Transfer Pricing Adjustments in the Age of Pillar Two: Is it a new challenge to tackle for MNEs?

In 2016, Apple Inc. found itself at the center of a high-stakes tax controversy that captured global attention. The tech giant faced scrutiny from the European Commission over its Transfer Pricing practices and tax arrangements with Ireland. The investigation revealed that Apple had been allocating a substantial portion of its profits to Irish subsidiaries, benefiting from a favorable tax rate that was considerably lower than those in other jurisdictions. This strategy, while legal at the time, raised questions about profit shifting and tax base erosion.

The case was a landmark moment, underscoring the relation between Multinational Enterprises (MNEs) and international tax regulations. It led Apple to overhaul its Transfer Pricing policies to align with the OECD’s BEPS guidelines, ensuring greater transparency and compliance with global standards.

Fast forward to today, and the global tax landscape is evolving once again with the OECD’s Pillar Two GloBE rules introducing a global minimum tax rate of 15%. For MNEs operating in the UAE, understanding how these new rules intersect with UAE Federal Corporate Tax is not just important—it’s essential.

As MNEs operating in the UAE confront the evolving global tax landscape, understanding the intersection of OECD Pillar Two GloBE (Global Anti-Base Erosion) rules and UAE Federal Corporate Tax is crucial. These rules, part of the Base Erosion and Profit Shifting (BEPS) project, set a global minimum tax rate of 15% to combat profit shifting and tax base erosion. For MNEs in the UAE, the close association between Transfer Pricing rules and UAE Federal Corporate Tax brings both opportunities and challenges.

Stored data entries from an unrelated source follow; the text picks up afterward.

(* Let $n\ge1$ and let $c\in\mathfrak{S}_{n+1}$ be a Coxeter element. For every $\boldsymbol\pi=(\pi^k)_{1\le k\le n}\in\mathcal{ST}(c)$ and every $1\le k\le n$, \[\ell(\pi^k)\leqslant\min\bigl(\#\{i\in\mathbf L_c\cup\{1\}:i\leqslant k\},\ \#\{j\in\mathbf R_c\cup\{n+1\}:j>k\}\bigr).\]
   Context: $\ell(\pi)$ is the number of nonzero parts of a partition $\pi$. Coxeter element of $\mathfrak{S}_{n+1}$: product of $s_1,\dots,s_n$ ($s_i=(i,i+1)$), each exactly once; it is a long cycle $(c_1=1<c_2<\dots<c_m=n+1>c_{m+1}>\dots>c_{n+1})$, with $\mathbf L_c=\{c_2,\dots,c_{m-1}\}$, $\mathbf R_c=\{c_{m+1},\dots,c_{n+1}\}$. Storability: a pair of partitions $(\lambda,\mu)$ (padded with zeros) is storable if $\lambda_i\ge\mu_i\ge\lambda_{i+1}$ for all $i\ge1$. A triple $(\lambda,\mu,\nu)$ is $(\boxplus,\boxplus)$-storable if $(\lambda,\mu)$ and $(\nu,\mu)$ are storable; $(\boxplus,\boxminus)$-storable if $(\lambda,\mu)$ and $(\mu,\nu)$ are; $(\boxminus,\boxplus)$-storable if $(\mu,\lambda)$ and $(\nu,\mu)$ are; $(\boxminus,\boxminus)$-storable if $(\mu,\lambda)$ and $(\mu,\nu)$ are. For $\boldsymbol\pi=(\pi^1,\dots,\pi^n)$ set $\pi^0=\pi^{n+1}=(0)$; $\boldsymbol\pi$ is $X$-storable at $i$ if $(\pi^{i-1},\pi^i,\pi^{i+1})$ is $X$-storable. With $\mathbf L=\mathbf L_c\cup\{1\}$, $\mathbf R=\mathbf R_c\cup\{n+1\}$ and $\mathbf R[-1]=\{r-1:r\in\mathbf R\}$, $\boldsymbol\pi\in\mathcal{ST}(c)$ ($c$-storable) means that for each $i\in\{1,\dots,n\}$: $(\boxplus,\boxplus)$-storable at $i$ if $i\notin\mathbf L\cup\mathbf R[-1]$; $(\boxplus,\boxminus)$-storable at $i$ if $i\in\mathbf R[-1]\setminus\mathbf L$; $(\boxminus,\boxplus)$-storable at $i$ if $i\in\mathbf L\setminus\mathbf R[-1]$; $(\boxminus,\boxminus)$-storable at $i$ if $i\in\mathbf L\cap\mathbf R[-1]$; and $\pi^k=(0)$ for $k\notin\{\min\mathbf L,\dots,\max\mathbf R\}$. *)

theory Defs
  imports Main
begin

text \<open>Partitions are represented as functions nat => nat, 0-indexed:
  p i is the (i+1)-st part; weakly decreasing and eventually zero (padded with zeros).\<close>

definition is_partition :: "(nat \<Rightarrow> nat) \<Rightarrow> bool" where
  "is_partition p \<longleftrightarrow> (\<forall>i. p (Suc i) \<le> p i) \<and> (\<exists>N. \<forall>i\<ge>N. p i = 0)"

definition zero_partition :: "nat \<Rightarrow> nat" where
  "zero_partition = (\<lambda>_. 0)"

definition plen :: "(nat \<Rightarrow> nat) \<Rightarrow> nat" where
  "plen p = card {i. p i \<noteq> 0}"

definition storable :: "(nat \<Rightarrow> nat) \<Rightarrow> (nat \<Rightarrow> nat) \<Rightarrow> bool" where
  "storable la mu \<longleftrightarrow> (\<forall>i. mu i \<le> la i \<and> la (Suc i) \<le> mu i)"

definition st_pp :: "(nat \<Rightarrow> nat) \<Rightarrow> (nat \<Rightarrow> nat) \<Rightarrow> (nat \<Rightarrow> nat) \<Rightarrow> bool" where
  "st_pp la mu nu \<longleftrightarrow> storable la mu \<and> storable nu mu"
definition st_pm :: "(nat \<Rightarrow> nat) \<Rightarrow> (nat \<Rightarrow> nat) \<Rightarrow> (nat \<Rightarrow> nat) \<Rightarrow> bool" where
  "st_pm la mu nu \<longleftrightarrow> storable la mu \<and> storable mu nu"
definition st_mp :: "(nat \<Rightarrow> nat) \<Rightarrow> (nat \<Rightarrow> nat) \<Rightarrow> (nat \<Rightarrow> nat) \<Rightarrow> bool" where
  "st_mp la mu nu \<longleftrightarrow> storable mu la \<and> storable nu mu"
definition st_mm :: "(nat \<Rightarrow> nat) \<Rightarrow> (nat \<Rightarrow> nat) \<Rightarrow> (nat \<Rightarrow> nat) \<Rightarrow> bool" where
  "st_mm la mu nu \<longleftrightarrow> storable mu la \<and> storable mu nu"

definition stransp :: "nat \<Rightarrow> nat \<Rightarrow> nat" where
  "stransp i x = (if x = i then Suc i else if x = Suc i then i else x)"

definition coxeter_element :: "nat \<Rightarrow> (nat \<Rightarrow> nat) \<Rightarrow> bool" where
  "coxeter_element n c \<longleftrightarrow>
     (\<exists>ws. distinct ws \<and> set ws = {1..n} \<and> c = foldr (\<lambda>i f. stransp i \<circ> f) ws id)"

text \<open>Writing c as the cycle (c_1 = 1, c_2, ..., c_(n+1)) with c(c_i) = c_(i+1),
  so c_(i+1) = c^i(1); m is the position of n+1.\<close>
definition cyc_pos_top :: "nat \<Rightarrow> (nat \<Rightarrow> nat) \<Rightarrow> nat" where
  "cyc_pos_top n c = (LEAST k. (c ^^ k) 1 = n + 1)"

definition Lc :: "nat \<Rightarrow> (nat \<Rightarrow> nat) \<Rightarrow> nat set" where
  "Lc n c = {(c ^^ k) 1 | k. 0 < k \<and> k < cyc_pos_top n c}"

definition Rc :: "nat \<Rightarrow> (nat \<Rightarrow> nat) \<Rightarrow> nat set" where
  "Rc n c = {(c ^^ k) 1 | k. cyc_pos_top n c < k \<and> k \<le> n}"

definition ext_fam :: "nat \<Rightarrow> (nat \<Rightarrow> nat \<Rightarrow> nat) \<Rightarrow> nat \<Rightarrow> nat \<Rightarrow> nat" where
  "ext_fam n pi k = (if 1 \<le> k \<and> k \<le> n then pi k else zero_partition)"

definition c_storable :: "nat \<Rightarrow> (nat \<Rightarrow> nat) \<Rightarrow> (nat \<Rightarrow> nat \<Rightarrow> nat) \<Rightarrow> bool" where
  "c_storable n c pi \<longleftrightarrow>
    (let L = Lc n c \<union> {1}; R = Rc n c \<union> {n + 1}; Rm = (\<lambda>r. r - 1) ` R;
         P = ext_fam n pi in
     (\<forall>i\<in>{1..n}.
        (i \<notin> L \<and> i \<notin> Rm \<longrightarrow> st_pp (P (i - 1)) (P i) (P (i + 1))) \<and>
        (i \<in> Rm \<and> i \<notin> L \<longrightarrow> st_pm (P (i - 1)) (P i) (P (i + 1))) \<and>
        (i \<in> L \<and> i \<notin> Rm \<longrightarrow> st_mp (P (i - 1)) (P i) (P (i + 1))) \<and>
        (i \<in> L \<and> i \<in> Rm \<longrightarrow> st_mm (P (i - 1)) (P i) (P (i + 1)))) \<and>
     (\<forall>k\<in>{1..n}. k \<notin> {Min L..Max R} \<longrightarrow> P k = zero_partition))"

end

theory Submission
  imports Defs
begin

text \<open>If \<open>(\<lambda>, \<mu>)\<close> is storable then \<open>\<mu>\<close> interlaces \<open>\<lambda>\<close>, so
  \<open>\<ell>(\<mu>) \<le> \<ell>(\<lambda>) \<le> \<ell>(\<mu>) + 1\<close>. The storability condition at \<open>i\<close> makes
  \<open>\<pi>\<^bsup>i-1\<^esup>, \<pi>\<^bsup>i\<^esup>\<close> storable in one of the two orders, and \<open>\<pi>\<^bsup>i\<^esup>\<close>
  comes first only when \<open>i \<in> L\<close>. Walking from \<open>\<pi>\<^bsup>0\<^esup> = (0)\<close> up to
  \<open>\<pi>\<^bsup>k\<^esup>\<close>, the length can therefore grow only at the elements of \<open>L\<close> up
  to \<open>k\<close>; symmetrically, the pair \<open>\<pi>\<^bsup>i\<^esup>, \<pi>\<^bsup>i+1\<^esup>\<close> has \<open>\<pi>\<^bsup>i\<^esup>\<close>
  first only when \<open>i + 1 \<in> R\<close>, so walking down from \<open>\<pi>\<^bsup>n+1\<^esup> = (0)\<close> the
  length grows only at the elements of \<open>R\<close> above \<open>k\<close>.\<close>

lemma is_partition_finite_support: "is_partition p \<Longrightarrow> finite {i. p i \<noteq> 0}"
proof -
  assume "is_partition p"
  then obtain N where "\<forall>i\<ge>N. p i = 0" unfolding is_partition_def by blast
  then have "{i. p i \<noteq> 0} \<subseteq> {..<N}" by (auto simp: not_less[symmetric])
  then show ?thesis using finite_subset by blast
qed

lemma is_partition_zero_partition: "is_partition zero_partition"
  unfolding is_partition_def zero_partition_def by simp

lemma plen_zero_partition [simp]: "plen zero_partition = 0"
  unfolding plen_def zero_partition_def by simp

lemma is_partition_ext_fam:
  "\<forall>k\<in>{1..n}. is_partition (pi k) \<Longrightarrow> is_partition (ext_fam n pi k)"
  unfolding ext_fam_def by (simp add: is_partition_zero_partition)

lemma storable_plen_le:
  assumes "storable la mu" and "is_partition la"
  shows "plen mu \<le> plen la"
proof -
  have "{i. mu i \<noteq> 0} \<subseteq> {i. la i \<noteq> 0}"
  proof
    fix i assume "i \<in> {i. mu i \<noteq> 0}"
    moreover have "mu i \<le> la i" using assms(1) by (simp add: storable_def)
    ultimately show "i \<in> {i. la i \<noteq> 0}" by simp
  qed
  then show ?thesis
    unfolding plen_def by (rule card_mono[OF is_partition_finite_support[OF assms(2)]])
qed

lemma storable_plen_le_Suc:
  assumes "storable la mu" and "is_partition mu"
  shows "plen la \<le> Suc (plen mu)"
proof -
  have fin: "finite {i. mu i \<noteq> 0}" using is_partition_finite_support[OF assms(2)] .
  have "{i. la i \<noteq> 0} \<subseteq> insert 0 (Suc ` {i. mu i \<noteq> 0})"
  proof
    fix i assume i: "i \<in> {i. la i \<noteq> 0}"
    show "i \<in> insert 0 (Suc ` {i. mu i \<noteq> 0})"
    proof (cases i)
      case (Suc j)
      have "la (Suc j) \<le> mu j" using assms(1) by (simp add: storable_def)
      then have "mu j \<noteq> 0" using i Suc by simp
      then show ?thesis using Suc by blast
    qed simp
  qed
  then have "card {i. la i \<noteq> 0} \<le> card (insert 0 (Suc ` {i. mu i \<noteq> 0}))"
    using fin by (intro card_mono) auto
  also have "\<dots> \<le> Suc (card (Suc ` {i. mu i \<noteq> 0}))"
    using fin by (simp add: card_insert_if)
  also have "\<dots> \<le> Suc (card {i. mu i \<noteq> 0})"
    using card_image_le fin by auto
  finally show ?thesis unfolding plen_def .
qed

lemma plen_storable_chain:
  assumes partitions: "\<forall>j\<le>m. is_partition (P j)"
    and steps: "\<forall>j<m. if j \<in> A then storable (P (Suc j)) (P j) else storable (P j) (P (Suc j))"
  shows "plen (P m) \<le> plen (P 0) + card {j \<in> A. j < m}"
  using assms
proof (induction m)
  case 0
  then show ?case by simp
next
  case (Suc m)
  have IH: "plen (P m) \<le> plen (P 0) + card {j \<in> A. j < m}"
    using Suc by simp
  have fin: "finite {j \<in> A. j < m}" by simp
  show ?case
  proof (cases "m \<in> A")
    case True
    then have "plen (P (Suc m)) \<le> Suc (plen (P m))"
      using Suc.prems by (intro storable_plen_le_Suc) auto
    moreover have "{j \<in> A. j < Suc m} = insert m {j \<in> A. j < m}"
      using True by auto
    ultimately show ?thesis using IH fin by simp
  next
    case False
    then have "plen (P (Suc m)) \<le> plen (P m)"
      using Suc.prems by (intro storable_plen_le) auto
    moreover have "{j \<in> A. j < Suc m} = {j \<in> A. j < m}"
      using False by (auto simp: less_Suc_eq)
    ultimately show ?thesis using IH by simp
  qed
qed

lemma c_storable_storable_left:
  assumes "c_storable n c pi" and "i \<in> {1..n}"
  shows "if i \<in> Lc n c \<union> {1}
         then storable (ext_fam n pi i) (ext_fam n pi (i - 1))
         else storable (ext_fam n pi (i - 1)) (ext_fam n pi i)"
  using assms unfolding c_storable_def Let_def st_pp_def st_pm_def st_mp_def st_mm_def
  by (cases "i \<in> Lc n c \<union> {1}"; cases "i \<in> (\<lambda>r. r - 1) ` (Rc n c \<union> {n + 1})") auto

lemma c_storable_storable_right:
  assumes "c_storable n c pi" and "i \<in> {1..n}"
  shows "if i + 1 \<in> Rc n c \<union> {n + 1}
         then storable (ext_fam n pi i) (ext_fam n pi (i + 1))
         else storable (ext_fam n pi (i + 1)) (ext_fam n pi i)"
proof -
  have "i \<in> (\<lambda>r. r - 1) ` (Rc n c \<union> {n + 1}) \<longleftrightarrow> i + 1 \<in> Rc n c \<union> {n + 1}"
    using assms(2) by (force simp: image_iff)
  then show ?thesis
    using assms unfolding c_storable_def Let_def st_pp_def st_pm_def st_mp_def st_mm_def
    by (cases "i \<in> Lc n c \<union> {1}"; cases "i + 1 \<in> Rc n c \<union> {n + 1}") auto
qed

lemma finite_Rc: "finite (Rc n c)"
proof -
  have "Rc n c \<subseteq> (\<lambda>k. (c ^^ k) 1) ` {..n}" unfolding Rc_def by auto
  then show ?thesis using finite_subset by blast
qed

lemma c_storable_plen_le_left:
  assumes "c_storable n c pi" and "\<forall>k\<in>{1..n}. is_partition (pi k)" and "k \<le> n"
  shows "plen (ext_fam n pi k) \<le> card {i \<in> Lc n c \<union> {1}. i \<le> k}"
proof -
  let ?P = "ext_fam n pi" and ?A = "{j. Suc j \<in> Lc n c \<union> {1}}"
  have "plen (?P k) \<le> plen (?P 0) + card {j \<in> ?A. j < k}"
  proof (rule plen_storable_chain)
    show "\<forall>j\<le>k. is_partition (?P j)" using assms(2) is_partition_ext_fam by blast
    show "\<forall>j<k. if j \<in> ?A then storable (?P (Suc j)) (?P j) else storable (?P j) (?P (Suc j))"
      using c_storable_storable_left[OF assms(1)] assms(3) by fastforce
  qed
  also have "plen (?P 0) = 0" by (simp add: ext_fam_def)
  also have "card {j \<in> ?A. j < k} \<le> card {i \<in> Lc n c \<union> {1}. i \<le> k}"
    by (rule card_inj_on_le[where f = Suc]) auto
  finally show ?thesis by simp
qed

lemma c_storable_plen_le_right:
  assumes "c_storable n c pi" and "\<forall>k\<in>{1..n}. is_partition (pi k)" and "1 \<le> k" and "k \<le> n"
  shows "plen (ext_fam n pi k) \<le> card {j \<in> Rc n c \<union> {n + 1}. j > k}"
proof -
  let ?P = "\<lambda>d. ext_fam n pi (n + 1 - d)" and ?A = "{d. n + 1 - d \<in> Rc n c \<union> {n + 1}}"
  have "plen (?P (n + 1 - k)) \<le> plen (?P 0) + card {d \<in> ?A. d < n + 1 - k}"
  proof (rule plen_storable_chain)
    show "\<forall>d\<le>n + 1 - k. is_partition (?P d)" using assms(2) is_partition_ext_fam by blast
    show "\<forall>d<n + 1 - k. if d \<in> ?A then storable (?P (Suc d)) (?P d) else storable (?P d) (?P (Suc d))"
    proof (intro allI impI)
      fix d assume "d < n + 1 - k"
      then have i: "n - d \<in> {1..n}" and "n + 1 - d = n - d + 1" and "n + 1 - Suc d = n - d"
        using assms(3,4) by auto
      then show "if d \<in> ?A then storable (?P (Suc d)) (?P d) else storable (?P d) (?P (Suc d))"
        using c_storable_storable_right[OF assms(1) i] by (simp only: mem_Collect_eq)
    qed
  qed
  also have "plen (?P 0) = 0" by (simp add: ext_fam_def)
  also have "card {d \<in> ?A. d < n + 1 - k} \<le> card {j \<in> Rc n c \<union> {n + 1}. j > k}"
    by (rule card_inj_on_le[where f = "\<lambda>d. n + 1 - d"]) (auto simp: inj_on_def finite_Rc)
  finally show ?thesis using assms(4) by simp
qed

theorem proposition4p10:
  fixes n :: nat and c :: "nat \<Rightarrow> nat" and pi :: "nat \<Rightarrow> nat \<Rightarrow> nat"
  assumes "n \<ge> 1"
    and "coxeter_element n c"
    and "\<forall>k\<in>{1..n}. is_partition (pi k)"
    and "c_storable n c pi"
    and "1 \<le> k" and "k \<le> n"
  shows "plen (pi k) \<le> min (card {i \<in> Lc n c \<union> {1}. i \<le> k})
                            (card {j \<in> Rc n c \<union> {n + 1}. j > k})"
proof -
  have "ext_fam n pi k = pi k" using assms(5,6) by (simp add: ext_fam_def)
  then show ?thesis
    using c_storable_plen_le_left[OF assms(4,3,6)] c_storable_plen_le_right[OF assms(4,3,5,6)]
    by simp
qed

end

The Interplay Between Transfer Pricing Adjustments and UAE Federal Corporate Tax

In the UAE, Transfer Pricing adjustments are vital for ensuring that transactions between related parties reflect arm’s length pricing, in line with both UAE Federal Corporate Tax and international standards. The introduction of Pillar Two further adds a layer to this landscape:

Timing of Transfer Pricing Adjustments

  • Post-Year-End Adjustments: MNEs in the UAE often make adjustments after the financial year-end to align their results with Transfer Pricing policies. Under Pillar Two, these adjustments must be booked in the fiscal year to which they pertain or the year in which they were made. This requirement aligns with the UAE’s Federal Corporate Tax regulations, which also demand accurate reflection of financial results in tax returns.
  • Low-Tax Jurisdictions: Historically, the UAE’s favorable tax environment has been seen as a low-tax jurisdiction. Under Pillar Two, there is increased scrutiny on Transfer Pricing adjustments in such jurisdictions. The UAE’s Federal Corporate Tax framework, which adheres to the arm’s length principle, must be carefully integrated with the GloBE rules to avoid potential disallowance of adjustments and double taxation risks.
  • Double Taxation Risks: Adjustments made after filing the GloBE Information Return (“GIR”) can complicate dispute resolution. For UAE-based MNEs, this means navigating potential double taxation if income is reallocated from the UAE to higher-tax jurisdictions. The UAE’s corporate tax regime and its alignment with global standards play a critical role in managing these risks.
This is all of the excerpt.